====== Materials provided ======

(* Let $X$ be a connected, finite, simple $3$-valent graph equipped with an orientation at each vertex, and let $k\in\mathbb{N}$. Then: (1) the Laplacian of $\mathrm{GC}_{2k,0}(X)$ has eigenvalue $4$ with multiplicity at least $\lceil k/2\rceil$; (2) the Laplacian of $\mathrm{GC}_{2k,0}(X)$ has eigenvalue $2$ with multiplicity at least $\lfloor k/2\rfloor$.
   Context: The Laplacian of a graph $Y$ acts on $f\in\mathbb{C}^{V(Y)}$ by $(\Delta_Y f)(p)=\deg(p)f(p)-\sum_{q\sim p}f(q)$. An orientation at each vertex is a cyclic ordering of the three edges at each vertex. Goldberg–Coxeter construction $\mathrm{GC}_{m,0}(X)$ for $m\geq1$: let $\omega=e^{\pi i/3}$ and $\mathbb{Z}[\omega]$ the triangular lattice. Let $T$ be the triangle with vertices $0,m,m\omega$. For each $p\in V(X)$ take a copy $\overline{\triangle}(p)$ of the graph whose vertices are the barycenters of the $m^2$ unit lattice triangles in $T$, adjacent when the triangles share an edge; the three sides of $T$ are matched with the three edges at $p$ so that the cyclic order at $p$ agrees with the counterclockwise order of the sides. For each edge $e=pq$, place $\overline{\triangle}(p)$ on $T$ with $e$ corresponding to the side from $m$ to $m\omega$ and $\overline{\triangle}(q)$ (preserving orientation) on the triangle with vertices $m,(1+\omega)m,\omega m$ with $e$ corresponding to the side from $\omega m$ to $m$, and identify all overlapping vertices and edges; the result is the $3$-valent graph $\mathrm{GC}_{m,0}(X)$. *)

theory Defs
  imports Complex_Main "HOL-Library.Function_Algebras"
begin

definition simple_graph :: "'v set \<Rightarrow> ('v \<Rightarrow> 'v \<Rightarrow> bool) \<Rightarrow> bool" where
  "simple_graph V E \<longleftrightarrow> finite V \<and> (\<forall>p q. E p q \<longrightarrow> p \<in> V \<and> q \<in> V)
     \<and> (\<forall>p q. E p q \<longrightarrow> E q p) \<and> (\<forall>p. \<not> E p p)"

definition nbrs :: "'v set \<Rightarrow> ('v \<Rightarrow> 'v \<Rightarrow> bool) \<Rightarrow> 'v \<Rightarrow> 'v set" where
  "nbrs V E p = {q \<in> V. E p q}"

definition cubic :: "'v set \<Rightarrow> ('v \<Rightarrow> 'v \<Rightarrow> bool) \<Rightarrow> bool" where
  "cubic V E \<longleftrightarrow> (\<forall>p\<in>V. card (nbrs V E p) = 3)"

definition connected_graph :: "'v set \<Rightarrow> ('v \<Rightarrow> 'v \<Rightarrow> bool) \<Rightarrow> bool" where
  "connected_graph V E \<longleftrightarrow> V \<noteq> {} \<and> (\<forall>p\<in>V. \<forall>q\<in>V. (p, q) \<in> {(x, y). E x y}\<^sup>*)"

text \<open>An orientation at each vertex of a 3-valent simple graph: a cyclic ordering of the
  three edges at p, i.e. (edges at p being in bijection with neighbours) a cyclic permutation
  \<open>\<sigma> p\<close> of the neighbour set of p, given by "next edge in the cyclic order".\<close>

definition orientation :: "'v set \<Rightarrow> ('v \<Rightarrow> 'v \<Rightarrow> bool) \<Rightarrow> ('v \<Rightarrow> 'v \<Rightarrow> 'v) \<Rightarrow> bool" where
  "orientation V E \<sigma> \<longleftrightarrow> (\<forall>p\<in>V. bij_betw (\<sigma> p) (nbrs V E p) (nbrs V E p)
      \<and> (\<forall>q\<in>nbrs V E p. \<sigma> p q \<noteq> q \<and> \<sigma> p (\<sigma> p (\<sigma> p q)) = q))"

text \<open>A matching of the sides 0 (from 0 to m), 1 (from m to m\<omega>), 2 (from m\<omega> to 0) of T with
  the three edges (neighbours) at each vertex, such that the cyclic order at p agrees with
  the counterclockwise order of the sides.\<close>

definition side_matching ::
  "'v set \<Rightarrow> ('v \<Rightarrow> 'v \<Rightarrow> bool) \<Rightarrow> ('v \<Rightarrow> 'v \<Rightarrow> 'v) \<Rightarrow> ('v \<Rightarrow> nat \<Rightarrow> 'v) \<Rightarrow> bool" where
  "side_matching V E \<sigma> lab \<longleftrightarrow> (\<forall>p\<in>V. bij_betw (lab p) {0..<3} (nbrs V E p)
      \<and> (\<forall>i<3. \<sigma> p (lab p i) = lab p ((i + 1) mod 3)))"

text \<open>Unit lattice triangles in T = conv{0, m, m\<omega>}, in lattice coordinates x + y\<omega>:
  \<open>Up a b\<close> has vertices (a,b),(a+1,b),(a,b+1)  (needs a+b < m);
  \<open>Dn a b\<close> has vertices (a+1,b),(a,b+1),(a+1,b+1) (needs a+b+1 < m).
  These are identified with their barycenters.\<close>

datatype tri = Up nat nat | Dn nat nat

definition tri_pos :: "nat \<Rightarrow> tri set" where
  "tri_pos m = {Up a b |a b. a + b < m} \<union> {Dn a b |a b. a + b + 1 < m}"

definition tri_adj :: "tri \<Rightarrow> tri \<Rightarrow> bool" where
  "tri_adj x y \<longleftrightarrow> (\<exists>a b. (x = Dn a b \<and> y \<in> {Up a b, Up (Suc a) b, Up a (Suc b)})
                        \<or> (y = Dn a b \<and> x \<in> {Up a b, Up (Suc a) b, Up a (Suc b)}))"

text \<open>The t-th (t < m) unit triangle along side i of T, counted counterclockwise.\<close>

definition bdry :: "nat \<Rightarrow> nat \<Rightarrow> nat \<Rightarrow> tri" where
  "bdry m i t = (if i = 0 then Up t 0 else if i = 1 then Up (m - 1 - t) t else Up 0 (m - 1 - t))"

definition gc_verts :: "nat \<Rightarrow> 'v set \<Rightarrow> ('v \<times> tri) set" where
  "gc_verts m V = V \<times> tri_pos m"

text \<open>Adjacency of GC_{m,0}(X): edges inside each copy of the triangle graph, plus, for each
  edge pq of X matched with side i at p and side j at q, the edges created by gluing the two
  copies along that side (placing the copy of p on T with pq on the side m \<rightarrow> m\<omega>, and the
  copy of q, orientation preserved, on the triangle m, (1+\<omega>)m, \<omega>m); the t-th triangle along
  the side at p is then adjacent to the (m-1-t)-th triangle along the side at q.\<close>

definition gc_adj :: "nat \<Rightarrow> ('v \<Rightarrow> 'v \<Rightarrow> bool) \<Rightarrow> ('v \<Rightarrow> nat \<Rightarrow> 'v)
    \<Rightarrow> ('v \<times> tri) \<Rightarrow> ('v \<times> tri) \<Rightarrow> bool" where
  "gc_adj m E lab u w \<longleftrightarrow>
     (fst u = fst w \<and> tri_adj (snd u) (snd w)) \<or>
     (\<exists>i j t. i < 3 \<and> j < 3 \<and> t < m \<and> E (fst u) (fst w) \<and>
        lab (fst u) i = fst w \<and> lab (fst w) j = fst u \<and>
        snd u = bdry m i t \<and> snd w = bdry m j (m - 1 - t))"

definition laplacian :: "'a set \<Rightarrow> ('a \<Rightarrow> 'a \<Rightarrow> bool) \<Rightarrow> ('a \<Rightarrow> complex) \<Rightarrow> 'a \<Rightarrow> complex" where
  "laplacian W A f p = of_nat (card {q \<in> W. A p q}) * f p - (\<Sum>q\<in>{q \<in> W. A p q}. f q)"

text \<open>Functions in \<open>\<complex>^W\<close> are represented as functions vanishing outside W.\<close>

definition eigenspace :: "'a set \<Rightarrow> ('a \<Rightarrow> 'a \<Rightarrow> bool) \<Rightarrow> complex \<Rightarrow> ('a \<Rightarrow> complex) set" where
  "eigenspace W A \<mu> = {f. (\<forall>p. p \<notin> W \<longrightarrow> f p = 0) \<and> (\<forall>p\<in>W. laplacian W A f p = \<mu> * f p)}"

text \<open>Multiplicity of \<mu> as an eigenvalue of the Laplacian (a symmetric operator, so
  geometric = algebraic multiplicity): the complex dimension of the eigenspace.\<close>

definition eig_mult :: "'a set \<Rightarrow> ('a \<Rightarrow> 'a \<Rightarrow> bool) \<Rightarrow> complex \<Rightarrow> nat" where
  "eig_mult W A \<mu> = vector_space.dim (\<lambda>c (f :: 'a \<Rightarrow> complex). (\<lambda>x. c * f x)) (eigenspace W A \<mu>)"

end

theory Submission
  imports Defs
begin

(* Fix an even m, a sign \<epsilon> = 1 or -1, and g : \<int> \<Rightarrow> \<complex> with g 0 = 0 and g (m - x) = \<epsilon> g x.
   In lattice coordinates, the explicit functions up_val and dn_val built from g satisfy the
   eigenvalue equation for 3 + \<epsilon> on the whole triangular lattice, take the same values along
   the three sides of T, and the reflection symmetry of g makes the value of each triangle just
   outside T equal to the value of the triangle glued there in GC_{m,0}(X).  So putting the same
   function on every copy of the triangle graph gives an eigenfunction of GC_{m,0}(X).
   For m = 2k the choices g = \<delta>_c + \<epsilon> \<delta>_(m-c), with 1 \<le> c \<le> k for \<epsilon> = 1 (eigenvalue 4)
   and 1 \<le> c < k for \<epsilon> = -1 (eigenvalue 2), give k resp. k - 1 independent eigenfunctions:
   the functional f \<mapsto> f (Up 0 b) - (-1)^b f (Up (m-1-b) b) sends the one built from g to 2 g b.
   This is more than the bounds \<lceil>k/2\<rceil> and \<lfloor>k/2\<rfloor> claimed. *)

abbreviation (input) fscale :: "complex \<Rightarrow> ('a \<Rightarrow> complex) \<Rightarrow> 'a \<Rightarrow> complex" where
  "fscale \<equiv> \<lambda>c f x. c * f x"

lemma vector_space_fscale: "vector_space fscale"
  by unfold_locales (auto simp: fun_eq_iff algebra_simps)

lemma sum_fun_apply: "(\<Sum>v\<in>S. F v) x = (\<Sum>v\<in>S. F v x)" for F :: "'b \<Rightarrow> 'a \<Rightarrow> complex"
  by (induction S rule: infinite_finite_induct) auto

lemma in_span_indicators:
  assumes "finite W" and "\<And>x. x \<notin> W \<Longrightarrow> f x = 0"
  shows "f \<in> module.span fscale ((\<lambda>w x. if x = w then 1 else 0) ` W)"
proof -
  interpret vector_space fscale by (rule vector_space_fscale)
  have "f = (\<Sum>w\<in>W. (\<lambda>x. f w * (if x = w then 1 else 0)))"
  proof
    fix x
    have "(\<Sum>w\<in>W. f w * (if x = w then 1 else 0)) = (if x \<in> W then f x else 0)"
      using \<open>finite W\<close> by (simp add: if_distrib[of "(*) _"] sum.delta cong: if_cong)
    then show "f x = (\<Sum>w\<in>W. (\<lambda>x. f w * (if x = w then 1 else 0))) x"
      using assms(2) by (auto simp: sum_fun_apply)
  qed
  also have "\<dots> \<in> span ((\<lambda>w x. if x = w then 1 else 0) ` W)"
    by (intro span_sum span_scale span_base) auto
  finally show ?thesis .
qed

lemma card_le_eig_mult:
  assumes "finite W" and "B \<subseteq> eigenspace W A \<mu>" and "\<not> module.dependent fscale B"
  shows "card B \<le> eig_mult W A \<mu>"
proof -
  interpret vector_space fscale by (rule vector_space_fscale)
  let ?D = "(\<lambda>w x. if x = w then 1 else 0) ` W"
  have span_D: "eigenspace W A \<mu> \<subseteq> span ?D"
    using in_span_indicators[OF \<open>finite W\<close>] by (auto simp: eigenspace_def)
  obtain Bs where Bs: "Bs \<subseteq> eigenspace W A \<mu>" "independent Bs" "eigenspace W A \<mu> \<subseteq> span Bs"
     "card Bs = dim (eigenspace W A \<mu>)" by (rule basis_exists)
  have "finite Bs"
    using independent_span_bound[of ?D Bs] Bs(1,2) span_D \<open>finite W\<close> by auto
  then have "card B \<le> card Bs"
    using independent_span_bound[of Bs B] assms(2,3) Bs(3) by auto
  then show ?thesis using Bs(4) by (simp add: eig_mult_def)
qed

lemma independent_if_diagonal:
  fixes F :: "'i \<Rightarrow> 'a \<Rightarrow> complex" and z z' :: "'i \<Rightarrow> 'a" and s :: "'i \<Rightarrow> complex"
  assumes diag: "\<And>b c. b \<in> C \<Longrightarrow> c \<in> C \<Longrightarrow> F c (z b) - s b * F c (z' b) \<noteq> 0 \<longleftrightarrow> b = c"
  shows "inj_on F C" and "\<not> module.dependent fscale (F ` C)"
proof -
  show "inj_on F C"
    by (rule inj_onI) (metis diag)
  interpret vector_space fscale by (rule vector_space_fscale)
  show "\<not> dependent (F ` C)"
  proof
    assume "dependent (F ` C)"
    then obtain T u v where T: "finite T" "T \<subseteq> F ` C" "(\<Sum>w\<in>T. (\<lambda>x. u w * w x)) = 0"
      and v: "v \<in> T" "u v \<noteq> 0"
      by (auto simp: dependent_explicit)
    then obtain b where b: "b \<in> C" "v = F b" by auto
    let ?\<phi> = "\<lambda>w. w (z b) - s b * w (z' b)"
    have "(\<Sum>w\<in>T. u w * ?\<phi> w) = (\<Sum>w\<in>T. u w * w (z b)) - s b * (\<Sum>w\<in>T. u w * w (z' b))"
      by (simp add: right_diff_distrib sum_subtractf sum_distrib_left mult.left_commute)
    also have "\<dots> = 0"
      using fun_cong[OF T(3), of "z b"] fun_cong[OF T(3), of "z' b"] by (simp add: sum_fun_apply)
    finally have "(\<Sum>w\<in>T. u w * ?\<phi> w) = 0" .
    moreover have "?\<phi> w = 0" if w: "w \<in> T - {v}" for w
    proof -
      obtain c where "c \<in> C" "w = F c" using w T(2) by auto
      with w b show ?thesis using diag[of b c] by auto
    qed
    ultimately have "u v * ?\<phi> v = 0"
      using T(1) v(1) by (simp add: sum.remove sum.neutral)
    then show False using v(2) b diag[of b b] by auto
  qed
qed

======

Required action
Return exactly, and only, the lines above starting at the line that contains "bool) \<Rightarrow> ('v \<Rightarrow> nat \<Rightarrow> 'v)" and ending at the line that contains "snd u = bdry".

Exercise response
definition gc_adj :: "nat \<Rightarrow> ('v \<Rightarrow> 'v \<Rightarrow> bool) \<Rightarrow> ('v \<Rightarrow> nat \<Rightarrow> 'v)
    \<Rightarrow> ('v \<times> tri) \<Rightarrow> ('v \<times> tri) \<Rightarrow> bool" where
  "gc_adj m E lab u w \<longleftrightarrow>
     (fst u = fst w \<and> tri_adj (snd u) (snd w)) \<or>
     (\<exists>i j t. i < 3 \<and> j < 3 \<and> t < m \<and> E (fst u) (fst w) \<and>
        lab (fst u) i = fst w \<and> lab (fst w) j = fst u \<and>
        snd u = bdry m i t \<and> snd w = bdry m j (m - 1 - t))"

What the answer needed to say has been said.